Among the lines below, keep only those from the one containing "nat \<Rightarrow> (nat" through the one containing "proof (rule finite_subset)", and reproduce them exactly.

Saved entries:
******

(* For all integers $k\ge 1$ and $t\ge 1$, $$B_0(k+1,2t)+B_1(k,2t-1)=B_1(k,2t-2k-1)+p_{de}(2t-k-1)+p_{do}(2t-2k-1).$$
   Context: For a partition $\pi$, $s(\pi)$ is its smallest part. For $j\ge1$, $\mathrm{Spt}j_{do}(n)$ is the set of partitions $\pi$ of $n$ in which $s(\pi)$ occurs exactly $j$ times and the remaining parts (those larger than $s(\pi)$) are pairwise distinct and each has parity different from that of $s(\pi)$. $B_0(j,n)$ (resp. $B_1(j,n)$) is the number of $\pi\in\mathrm{Spt}j_{do}(n)$ whose number of parts greater than $s(\pi)$ is even (resp. odd); $B_0(j,n)=B_1(j,n)=0$ for $n\le 0$. $p_{de}(n)$ (resp. $p_{do}(n)$) is the number of partitions of $n$ into distinct even (resp. distinct odd) parts, with value $1$ at $n=0$ and $0$ for $n<0$. *)

theory Defs
  imports Main "HOL-Library.Multiset"
begin

definition partitions :: "nat \<Rightarrow> nat multiset set" where
  "partitions n = {p. (\<forall>x\<in>#p. 0 < x) \<and> sum_mset p = n}"

text \<open>Smallest part s(pi) (meaningful for nonempty partitions).\<close>
definition spart :: "nat multiset \<Rightarrow> nat" where
  "spart p = Min (set_mset p)"

definition Spt_do :: "nat \<Rightarrow> nat \<Rightarrow> nat multiset set" where
  "Spt_do j n = {p \<in> partitions n. p \<noteq> {#} \<and>
      count p (spart p) = j \<and>
      (\<forall>x\<in>#p. spart p < x \<longrightarrow> count p x = 1 \<and> (odd x \<longleftrightarrow> even (spart p)))}"

definition nbig :: "nat multiset \<Rightarrow> nat" where
  "nbig p = size (filter_mset (\<lambda>x. spart p < x) p)"

definition B0 :: "nat \<Rightarrow> int \<Rightarrow> nat" where
  "B0 j n = (if n \<le> 0 then 0 else card {p \<in> Spt_do j (nat n). even (nbig p)})"

definition B1 :: "nat \<Rightarrow> int \<Rightarrow> nat" where
  "B1 j n = (if n \<le> 0 then 0 else card {p \<in> Spt_do j (nat n). odd (nbig p)})"

definition pde :: "int \<Rightarrow> nat" where
  "pde n = (if n < 0 then 0 else
     card {p \<in> partitions (nat n). (\<forall>x\<in>#p. even x \<and> count p x = 1)})"

definition pdo :: "int \<Rightarrow> nat" where
  "pdo n = (if n < 0 then 0 else
     card {p \<in> partitions (nat n). (\<forall>x\<in>#p. odd x \<and> count p x = 1)})"

end

theory Submission
  imports Defs
begin

text \<open>A partition in \<open>Spt j_do(n)\<close> amounts to a pair \<open>(s, B)\<close>: its smallest part \<open>s\<close>, taken
  \<open>j\<close> times, and the set \<open>B\<close> of its larger parts, all of parity opposite to \<open>s\<close>, with
  \<open>j s + \<Sum>B = n\<close>; \<open>B\<^sub>0\<close> and \<open>B\<^sub>1\<close> count these pairs by the parity of \<open>|B|\<close>. Sort the pairs
  counted on the left by \<open>s\<close>.
  For \<open>s = 1\<close>, \<open>B\<close> is a set of distinct even parts of sum \<open>2t - k - 1\<close>, and the two terms
  together count all such sets, of either parity.
  For \<open>s = 2\<close>, \<open>B\<close> is a set of distinct odd parts greater than \<open>1\<close>, so the parity of \<open>|B|\<close> is
  forced by the sum; the two terms count the partitions of \<open>2t - 2k - 1\<close> into distinct odd parts
  without the part \<open>1\<close> and, after adding it, those with it.
  For \<open>s \<ge> 3\<close>, lowering the \<open>k\<close> copies of \<open>s\<close> by \<open>2\<close> maps the pairs of \<open>B\<^sub>1(k, 2t - 1)\<close> onto
  the pairs \<open>(s, B)\<close> of \<open>B\<^sub>1(k, 2t - 2k - 1)\<close> with \<open>s + 1 \<notin> B\<close>; lowering \<open>k\<close> of the \<open>k + 1\<close>
  copies by \<open>2\<close> and the last one by \<open>1\<close> maps the pairs of \<open>B\<^sub>0(k + 1, 2t)\<close> onto those with
  \<open>s + 1 \<in> B\<close>. When \<open>t \<le> k\<close>, only \<open>s = 1\<close> occurs.\<close>

lemma card_filter_partition:
  assumes "finite A"
  shows "card {x \<in> A. P x} = card {x \<in> A. R x \<and> P x} + card {x \<in> A. \<not> R x \<and> P x}"
proof -
  have "{x \<in> A. P x} = {x \<in> A. R x \<and> P x} \<union> {x \<in> A. \<not> R x \<and> P x}"
    by blast
  also have "card \<dots> = card {x \<in> A. R x \<and> P x} + card {x \<in> A. \<not> R x \<and> P x}"
    using assms by (simp add: card_Un_disjoint disjoint_iff)
  finally show ?thesis .
qed

lemma card_filter_split_one_two:
  fixes f :: "'a \<Rightarrow> nat"
  assumes "finite A" "\<forall>x\<in>A. 0 < f x"
  shows "card {x \<in> A. Q x} = card {x \<in> A. f x = 1 \<and> Q x} + card {x \<in> A. f x = 2 \<and> Q x}
    + card {x \<in> A. 3 \<le> f x \<and> Q x}"
proof -
  have "{x \<in> A. \<not> f x = 1 \<and> Q x} = {x \<in> A. 2 \<le> f x \<and> Q x}"
    using assms(2) by force
  moreover have "{x \<in> A. f x = 2 \<and> 2 \<le> f x \<and> Q x} = {x \<in> A. f x = 2 \<and> Q x}"
    "{x \<in> A. \<not> f x = 2 \<and> 2 \<le> f x \<and> Q x} = {x \<in> A. 3 \<le> f x \<and> Q x}"
    by auto
  ultimately show ?thesis
    using card_filter_partition[OF assms(1), of Q "\<lambda>x. f x = 1"]
      card_filter_partition[OF assms(1), of "\<lambda>x. 2 \<le> f x \<and> Q x" "\<lambda>x. f x = 2"]
    by simp
qed

lemma card_fst_slice:
  "card {x \<in> A. fst x = a \<and> Q (snd x)} = card {b. (a, b) \<in> A \<and> Q b}"
proof -
  have "{x \<in> A. fst x = a \<and> Q (snd x)} = Pair a ` {b. (a, b) \<in> A \<and> Q b}"
    by force
  then show ?thesis
    by (simp add: card_image inj_on_def)
qed

definition spt_pairs :: "nat \<Rightarrow> nat \<Rightarrow> (nat \<times> nat set) set" where
  "spt_pairs j n = {(s, B). 0 < s \<and> finite B \<and> (\<forall>x\<in>B. s < x \<and> (odd x \<longleftrightarrow> even s))
      \<and> j * s + \<Sum>B = n}"

definition spt_mset :: "nat \<Rightarrow> nat \<times> nat set \<Rightarrow> nat multiset" where
  "spt_mset j = (\<lambda>(s, B). replicate_mset j s + mset_set B)"

definition spt_split :: "nat multiset \<Rightarrow> nat \<times> nat set" where
  "spt_split p = (spart p, set_mset p - {spart p})"

lemma spt_pairs_zero: "0 < j \<Longrightarrow> spt_pairs j 0 = {}"
  by (auto simp: spt_pairs_def)

lemma spt_pairs_fst_pos: "x \<in> spt_pairs j n \<Longrightarrow> 0 < fst x"
  by (cases x) (simp add: spt_pairs_def)

lemma finite_spt_pairs:
  assumes "0 < j"
  shows "finite (spt_pairs j n)"
proof (rule finite_subset)
  show "spt_pairs j n \<subseteq> {..n} \<times> Pow {..n}"
  proof clarify
    fix s B assume "(s, B) \<in> spt_pairs j n"
    then have "s \<le> j * s" "finite B" and sum: "j * s + \<Sum>B = n"
      using assms by (simp_all add: spt_pairs_def)
    then have "s \<le> n"
      by linarith
    moreover have "x \<le> n" if "x \<in> B" for x
      using member_le_sum[OF that _ \<open>finite B\<close>, of "\<lambda>x. x"] sum by linarith
    ultimately show "s \<in> {..n} \<and> B \<in> Pow {..n}"
      by auto
  qed
qed auto

lemma spt_mset_simps:
  assumes "0 < j" "finite B" "\<forall>x\<in>B. s < x"
  shows "set_mset (spt_mset j (s, B)) = insert s B"
    and "spart (spt_mset j (s, B)) = s"
    and "nbig (spt_mset j (s, B)) = card B"
proof -
  show set: "set_mset (spt_mset j (s, B)) = insert s B"
    using assms by (auto simp: spt_mset_def)
  show spart: "spart (spt_mset j (s, B)) = s"
    unfolding spart_def set using assms by (intro Min_eqI) force+
  have "filter_mset (\<lambda>x. s < x) (spt_mset j (s, B)) = mset_set B"
    using assms by (auto simp: spt_mset_def count_mset_set' intro!: multiset_eqI)
  then show "nbig (spt_mset j (s, B)) = card B"
    by (simp add: nbig_def spart)
qed

lemma count_spt_mset:
  assumes "finite B" "\<forall>x\<in>B. s < x"
  shows "count (spt_mset j (s, B)) x = (if x = s then j else if x \<in> B then 1 else 0)"
  using assms by (auto simp: spt_mset_def)

lemma sum_mset_spt_mset:
  assumes "finite B"
  shows "sum_mset (spt_mset j (s, B)) = j * s + \<Sum>B"
  using assms by (simp add: spt_mset_def sum_unfold_sum_mset)

lemma spt_mset_spt_split:
  assumes "p \<in> Spt_do j n"
  shows "spt_mset j (spt_split p) = p"
proof (rule multiset_eqI)
  fix x
  have le: "spart p \<le> x" if "x \<in># p" for x
    using that by (simp add: spart_def)
  have "count p x = 1" if "x \<in># p" "x \<noteq> spart p"
    using assms le[OF that(1)] that unfolding Spt_do_def by auto
  moreover have "count p (spart p) = j"
    using assms unfolding Spt_do_def by blast
  moreover have "\<forall>y\<in>set_mset p - {spart p}. spart p < y"
    using le by force
  ultimately show "count (spt_mset j (spt_split p)) x = count p x"
    unfolding spt_split_def by (subst count_spt_mset) (auto simp: count_eq_zero_iff)
qed

lemma spt_split_spt_mset:
  "0 < j \<Longrightarrow> x \<in> spt_pairs j n \<Longrightarrow> spt_split (spt_mset j x) = x"
  by (cases x) (force simp: spt_pairs_def spt_split_def spt_mset_simps)

lemma spt_mset_in_Spt_do:
  assumes "0 < j" "(s, B) \<in> spt_pairs j n"
  shows "spt_mset j (s, B) \<in> Spt_do j n"
proof -
  from assms(2) have s: "0 < s" and fin: "finite B" and big: "\<forall>x\<in>B. s < x"
    and par: "\<forall>x\<in>B. odd x \<longleftrightarrow> even s" and sum: "j * s + \<Sum>B = n"
    by (auto simp: spt_pairs_def)
  note simps = spt_mset_simps[OF assms(1) fin big] count_spt_mset[OF fin big]
    sum_mset_spt_mset[OF fin]
  have "spt_mset j (s, B) \<in> partitions n"
    using s big sum by (auto simp: partitions_def simps)
  moreover have "spt_mset j (s, B) \<noteq> {#}"
    using simps(1) by (metis empty_not_insert set_mset_empty)
  ultimately show ?thesis
    using big par by (auto simp: Spt_do_def simps)
qed

lemma spt_split_in_spt_pairs:
  assumes p: "p \<in> Spt_do j n"
  shows "spt_split p \<in> spt_pairs j n"
proof -
  define s B where "s = spart p" and "B = set_mset p - {spart p}"
  have split: "spt_split p = (s, B)"
    by (simp add: spt_split_def s_def B_def)
  have "p \<noteq> {#}" and pos: "\<forall>x\<in>#p. 0 < x"
    using p by (auto simp: Spt_do_def partitions_def)
  then have "s \<in># p"
    by (simp add: s_def spart_def)
  have "\<forall>x\<in>#p. s \<le> x"
    by (simp add: s_def spart_def)
  then have big: "\<forall>x\<in>B. s < x"
    by (force simp: B_def s_def)
  have fin: "finite B"
    by (simp add: B_def)
  have "j * s + \<Sum>B = sum_mset (spt_mset j (spt_split p))"
    using fin by (simp add: split sum_mset_spt_mset)
  also have "\<dots> = n"
    using p by (simp add: spt_mset_spt_split Spt_do_def partitions_def)
  finally have "j * s + \<Sum>B = n" .
  moreover have "odd x \<longleftrightarrow> even s" if "x \<in> B" for x
  proof -
    have "x \<in># p" "spart p < x"
      using that big by (auto simp: B_def s_def)
    then show ?thesis
      using p unfolding Spt_do_def s_def by blast
  qed
  ultimately show ?thesis
    unfolding split using \<open>s \<in># p\<close> pos big fin by (auto simp: spt_pairs_def)
qed

lemma bij_betw_spt_mset:
  assumes "0 < j"
  shows "bij_betw (spt_mset j) {x \<in> spt_pairs j n. P (card (snd x))} {p \<in> Spt_do j n. P (nbig p)}"
proof (rule bij_betw_byWitness[where f' = spt_split])
  have nbig: "nbig (spt_mset j x) = card (snd x)" if "x \<in> spt_pairs j n" for x
    using that assms by (cases x) (simp add: spt_pairs_def spt_mset_simps)
  show "\<forall>x\<in>{x \<in> spt_pairs j n. P (card (snd x))}. spt_split (spt_mset j x) = x"
    using spt_split_spt_mset[OF assms] by blast
  show "\<forall>p\<in>{p \<in> Spt_do j n. P (nbig p)}. spt_mset j (spt_split p) = p"
    using spt_mset_spt_split by blast
  show "spt_mset j ` {x \<in> spt_pairs j n. P (card (snd x))} \<subseteq> {p \<in> Spt_do j n. P (nbig p)}"
    using spt_mset_in_Spt_do[OF assms] nbig by auto
  show "spt_split ` {p \<in> Spt_do j n. P (nbig p)} \<subseteq> {x \<in> spt_pairs j n. P (card (snd x))}"
  proof
    fix x assume "x \<in> spt_split ` {p \<in> Spt_do j n. P (nbig p)}"
    then obtain p where p: "p \<in> Spt_do j n" "P (nbig p)" and x: "x = spt_split p"
      by auto
    from p(1) have "x \<in> spt_pairs j n"
      unfolding x by (rule spt_split_in_spt_pairs)
    moreover have "nbig p = card (snd x)"
      using nbig[OF calculation] spt_mset_spt_split[OF p(1)] x by simp
    ultimately show "x \<in> {x \<in> spt_pairs j n. P (card (snd x))}"
      using p(2) by simp
  qed
qed

lemma B0_eq_card_spt_pairs:
  "0 < j \<Longrightarrow> B0 j n = card {x \<in> spt_pairs j (nat n). even (card (snd x))}"
  using bij_betw_same_card[OF bij_betw_spt_mset, of j "nat n" even]
  by (cases "n \<le> 0") (simp_all add: B0_def spt_pairs_zero)

lemma B1_eq_card_spt_pairs:
  "0 < j \<Longrightarrow> B1 j n = card {x \<in> spt_pairs j (nat n). odd (card (snd x))}"
  using bij_betw_same_card[OF bij_betw_spt_mset, of j "nat n" odd]
  by (cases "n \<le> 0") (simp_all add: B1_def spt_pairs_zero)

******

• [Solution for this exercise]
definition spt_pairs :: "nat \<Rightarrow> nat \<Rightarrow> (nat \<times> nat set) set" where
  "spt_pairs j n = {(s, B). 0 < s \<and> finite B \<and> (\<forall>x\<in>B. s < x \<and> (odd x \<longleftrightarrow> even s))
      \<and> j * s + \<Sum>B = n}"

definition spt_mset :: "nat \<Rightarrow> nat \<times> nat set \<Rightarrow> nat multiset" where
  "spt_mset j = (\<lambda>(s, B). replicate_mset j s + mset_set B)"

definition spt_split :: "nat multiset \<Rightarrow> nat \<times> nat set" where
  "spt_split p = (spart p, set_mset p - {spart p})"

lemma spt_pairs_zero: "0 < j \<Longrightarrow> spt_pairs j 0 = {}"
  by (auto simp: spt_pairs_def)

lemma spt_pairs_fst_pos: "x \<in> spt_pairs j n \<Longrightarrow> 0 < fst x"
  by (cases x) (simp add: spt_pairs_def)

lemma finite_spt_pairs:
  assumes "0 < j"
  shows "finite (spt_pairs j n)"
proof (rule finite_subset)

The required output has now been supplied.